[Start of Attachment]
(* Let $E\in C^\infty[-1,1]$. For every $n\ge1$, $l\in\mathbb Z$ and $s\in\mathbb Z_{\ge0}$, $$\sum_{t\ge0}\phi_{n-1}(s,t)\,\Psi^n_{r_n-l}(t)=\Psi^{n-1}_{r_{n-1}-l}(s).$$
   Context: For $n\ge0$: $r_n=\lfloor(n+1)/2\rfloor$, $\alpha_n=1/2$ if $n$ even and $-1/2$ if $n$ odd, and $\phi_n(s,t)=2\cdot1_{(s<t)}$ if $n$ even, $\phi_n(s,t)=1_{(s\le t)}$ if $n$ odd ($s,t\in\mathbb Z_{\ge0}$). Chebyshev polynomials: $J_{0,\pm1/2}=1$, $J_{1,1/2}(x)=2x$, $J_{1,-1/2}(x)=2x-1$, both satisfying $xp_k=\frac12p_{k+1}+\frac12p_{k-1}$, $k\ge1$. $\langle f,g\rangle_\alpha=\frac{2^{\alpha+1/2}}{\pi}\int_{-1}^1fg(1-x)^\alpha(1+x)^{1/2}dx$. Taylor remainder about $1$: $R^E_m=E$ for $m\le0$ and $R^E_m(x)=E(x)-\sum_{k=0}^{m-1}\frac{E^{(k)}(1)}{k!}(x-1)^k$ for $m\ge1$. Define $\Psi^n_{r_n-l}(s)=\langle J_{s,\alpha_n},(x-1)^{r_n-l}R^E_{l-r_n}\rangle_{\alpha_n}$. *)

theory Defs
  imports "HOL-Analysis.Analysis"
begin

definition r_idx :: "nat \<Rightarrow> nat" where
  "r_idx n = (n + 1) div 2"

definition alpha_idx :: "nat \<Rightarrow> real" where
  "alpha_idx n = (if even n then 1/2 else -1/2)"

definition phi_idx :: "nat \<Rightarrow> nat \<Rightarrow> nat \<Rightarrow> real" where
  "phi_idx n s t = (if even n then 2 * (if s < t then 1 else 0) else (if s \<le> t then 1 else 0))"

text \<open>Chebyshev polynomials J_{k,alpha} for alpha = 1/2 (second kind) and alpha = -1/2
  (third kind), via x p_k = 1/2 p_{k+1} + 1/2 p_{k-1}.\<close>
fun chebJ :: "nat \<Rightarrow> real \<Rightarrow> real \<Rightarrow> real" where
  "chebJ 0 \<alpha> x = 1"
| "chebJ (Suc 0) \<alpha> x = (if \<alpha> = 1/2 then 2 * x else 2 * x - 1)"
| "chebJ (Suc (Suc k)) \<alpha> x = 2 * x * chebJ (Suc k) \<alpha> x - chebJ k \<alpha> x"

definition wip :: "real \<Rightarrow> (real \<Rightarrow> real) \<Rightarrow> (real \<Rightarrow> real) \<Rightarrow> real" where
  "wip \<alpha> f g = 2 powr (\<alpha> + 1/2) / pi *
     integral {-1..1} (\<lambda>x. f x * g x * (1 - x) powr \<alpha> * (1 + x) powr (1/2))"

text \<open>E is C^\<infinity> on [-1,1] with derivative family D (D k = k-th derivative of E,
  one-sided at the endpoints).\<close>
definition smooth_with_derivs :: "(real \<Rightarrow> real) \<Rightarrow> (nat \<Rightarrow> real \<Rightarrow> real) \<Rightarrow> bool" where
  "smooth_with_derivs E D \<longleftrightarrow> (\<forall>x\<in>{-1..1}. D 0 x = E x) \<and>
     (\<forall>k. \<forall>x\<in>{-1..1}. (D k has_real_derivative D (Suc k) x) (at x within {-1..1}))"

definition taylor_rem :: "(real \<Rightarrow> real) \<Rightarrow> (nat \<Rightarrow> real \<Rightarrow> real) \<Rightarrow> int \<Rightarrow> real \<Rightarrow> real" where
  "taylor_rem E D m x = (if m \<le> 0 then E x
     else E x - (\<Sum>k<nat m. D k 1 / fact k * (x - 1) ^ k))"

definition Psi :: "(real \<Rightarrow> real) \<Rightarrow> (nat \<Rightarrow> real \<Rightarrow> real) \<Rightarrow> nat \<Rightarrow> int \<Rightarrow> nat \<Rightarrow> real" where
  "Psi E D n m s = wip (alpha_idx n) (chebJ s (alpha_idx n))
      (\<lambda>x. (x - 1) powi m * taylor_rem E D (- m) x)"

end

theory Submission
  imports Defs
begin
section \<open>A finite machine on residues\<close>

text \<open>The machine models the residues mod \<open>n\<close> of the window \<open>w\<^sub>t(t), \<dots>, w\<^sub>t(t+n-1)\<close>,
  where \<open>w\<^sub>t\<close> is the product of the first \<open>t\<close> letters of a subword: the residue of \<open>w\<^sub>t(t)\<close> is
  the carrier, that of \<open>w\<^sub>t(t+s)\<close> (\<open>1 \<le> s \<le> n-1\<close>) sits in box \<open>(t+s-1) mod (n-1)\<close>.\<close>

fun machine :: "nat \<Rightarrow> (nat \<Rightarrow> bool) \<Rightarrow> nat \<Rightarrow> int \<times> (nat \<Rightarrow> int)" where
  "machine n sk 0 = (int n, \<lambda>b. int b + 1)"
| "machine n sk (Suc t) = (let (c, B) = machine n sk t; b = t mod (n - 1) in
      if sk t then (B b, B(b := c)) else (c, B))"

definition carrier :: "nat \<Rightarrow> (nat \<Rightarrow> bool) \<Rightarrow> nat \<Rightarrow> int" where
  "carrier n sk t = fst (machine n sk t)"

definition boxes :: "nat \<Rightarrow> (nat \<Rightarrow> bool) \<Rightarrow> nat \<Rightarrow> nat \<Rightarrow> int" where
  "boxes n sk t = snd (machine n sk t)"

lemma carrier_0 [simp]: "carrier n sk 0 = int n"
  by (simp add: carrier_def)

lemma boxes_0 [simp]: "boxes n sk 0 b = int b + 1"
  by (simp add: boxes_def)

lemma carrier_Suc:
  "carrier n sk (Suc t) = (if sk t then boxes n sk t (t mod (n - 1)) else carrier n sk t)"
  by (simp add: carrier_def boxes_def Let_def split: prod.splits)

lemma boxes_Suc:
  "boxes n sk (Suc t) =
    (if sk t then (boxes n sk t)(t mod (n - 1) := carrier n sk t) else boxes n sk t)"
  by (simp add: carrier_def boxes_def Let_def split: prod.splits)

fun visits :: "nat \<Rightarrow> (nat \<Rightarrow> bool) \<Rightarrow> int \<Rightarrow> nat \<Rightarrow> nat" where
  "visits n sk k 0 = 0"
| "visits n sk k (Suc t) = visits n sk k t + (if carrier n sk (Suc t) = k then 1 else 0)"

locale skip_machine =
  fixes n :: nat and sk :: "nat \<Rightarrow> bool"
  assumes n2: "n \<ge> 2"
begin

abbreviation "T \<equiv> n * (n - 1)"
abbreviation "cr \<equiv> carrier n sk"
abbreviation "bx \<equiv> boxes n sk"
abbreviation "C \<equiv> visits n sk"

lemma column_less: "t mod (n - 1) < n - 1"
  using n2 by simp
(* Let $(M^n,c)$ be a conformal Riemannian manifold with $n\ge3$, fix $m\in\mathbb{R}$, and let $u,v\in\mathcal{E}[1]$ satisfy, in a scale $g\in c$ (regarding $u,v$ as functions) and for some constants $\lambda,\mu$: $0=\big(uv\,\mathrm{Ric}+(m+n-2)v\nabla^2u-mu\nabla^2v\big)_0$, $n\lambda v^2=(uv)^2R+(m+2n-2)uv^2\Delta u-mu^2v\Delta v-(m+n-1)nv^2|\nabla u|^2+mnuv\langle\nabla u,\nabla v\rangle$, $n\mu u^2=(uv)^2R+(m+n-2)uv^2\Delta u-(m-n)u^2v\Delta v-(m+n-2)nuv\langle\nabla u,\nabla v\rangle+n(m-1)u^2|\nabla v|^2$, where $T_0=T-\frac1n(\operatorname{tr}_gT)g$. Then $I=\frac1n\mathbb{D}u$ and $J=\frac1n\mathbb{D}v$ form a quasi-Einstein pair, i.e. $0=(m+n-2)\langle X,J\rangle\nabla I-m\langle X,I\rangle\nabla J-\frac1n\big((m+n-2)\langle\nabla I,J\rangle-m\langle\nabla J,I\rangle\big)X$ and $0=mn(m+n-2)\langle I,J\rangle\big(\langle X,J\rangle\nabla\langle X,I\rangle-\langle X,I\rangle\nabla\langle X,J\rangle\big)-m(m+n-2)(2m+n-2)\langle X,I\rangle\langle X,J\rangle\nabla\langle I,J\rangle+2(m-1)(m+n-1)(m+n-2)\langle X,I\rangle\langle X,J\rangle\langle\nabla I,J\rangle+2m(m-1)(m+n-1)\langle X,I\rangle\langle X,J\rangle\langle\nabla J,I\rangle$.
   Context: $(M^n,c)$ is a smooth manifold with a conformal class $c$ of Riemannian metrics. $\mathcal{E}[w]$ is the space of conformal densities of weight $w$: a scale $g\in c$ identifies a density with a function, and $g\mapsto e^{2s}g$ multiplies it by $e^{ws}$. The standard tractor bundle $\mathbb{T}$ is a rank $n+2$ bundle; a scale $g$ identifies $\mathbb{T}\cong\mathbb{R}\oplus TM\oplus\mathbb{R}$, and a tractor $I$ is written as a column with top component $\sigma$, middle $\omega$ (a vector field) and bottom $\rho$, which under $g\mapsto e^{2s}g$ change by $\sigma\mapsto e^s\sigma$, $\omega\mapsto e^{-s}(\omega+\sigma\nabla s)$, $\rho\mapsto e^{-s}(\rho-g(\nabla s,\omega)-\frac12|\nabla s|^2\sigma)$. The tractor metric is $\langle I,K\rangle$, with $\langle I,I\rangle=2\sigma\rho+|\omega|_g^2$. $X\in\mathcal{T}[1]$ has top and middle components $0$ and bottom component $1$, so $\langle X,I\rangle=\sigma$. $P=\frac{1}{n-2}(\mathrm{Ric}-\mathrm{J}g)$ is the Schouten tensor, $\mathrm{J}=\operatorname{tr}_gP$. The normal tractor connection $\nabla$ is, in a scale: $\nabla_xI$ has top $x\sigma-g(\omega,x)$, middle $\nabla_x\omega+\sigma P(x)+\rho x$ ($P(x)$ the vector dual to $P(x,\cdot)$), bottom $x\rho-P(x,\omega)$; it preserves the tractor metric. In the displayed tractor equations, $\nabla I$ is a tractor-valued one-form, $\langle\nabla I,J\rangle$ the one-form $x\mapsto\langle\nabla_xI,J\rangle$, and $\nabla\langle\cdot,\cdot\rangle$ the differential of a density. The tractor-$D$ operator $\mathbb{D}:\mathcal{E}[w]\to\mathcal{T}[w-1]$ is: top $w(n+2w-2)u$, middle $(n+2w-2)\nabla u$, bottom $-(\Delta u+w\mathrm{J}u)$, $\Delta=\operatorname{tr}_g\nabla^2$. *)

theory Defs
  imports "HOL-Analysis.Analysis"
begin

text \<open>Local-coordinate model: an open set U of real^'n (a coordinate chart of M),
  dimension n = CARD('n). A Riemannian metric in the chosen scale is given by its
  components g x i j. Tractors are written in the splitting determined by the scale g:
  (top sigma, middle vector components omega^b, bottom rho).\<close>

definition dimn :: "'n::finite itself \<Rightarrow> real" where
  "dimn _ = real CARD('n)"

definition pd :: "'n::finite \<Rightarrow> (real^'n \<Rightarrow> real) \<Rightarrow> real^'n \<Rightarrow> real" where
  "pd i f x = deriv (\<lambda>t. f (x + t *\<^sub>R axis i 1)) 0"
[End of Attachment]
# Problem requirements
Above are the records; print exactly the lines from the line with "(\<lambda>x. f x" to the line with "one-sided at the endpoints).\<close>", including both, and nothing else.

# Answer to this exercise
     integral {-1..1} (\<lambda>x. f x * g x * (1 - x) powr \<alpha> * (1 + x) powr (1/2))"

text \<open>E is C^\<infinity> on [-1,1] with derivative family D (D k = k-th derivative of E,
  one-sided at the endpoints).\<close>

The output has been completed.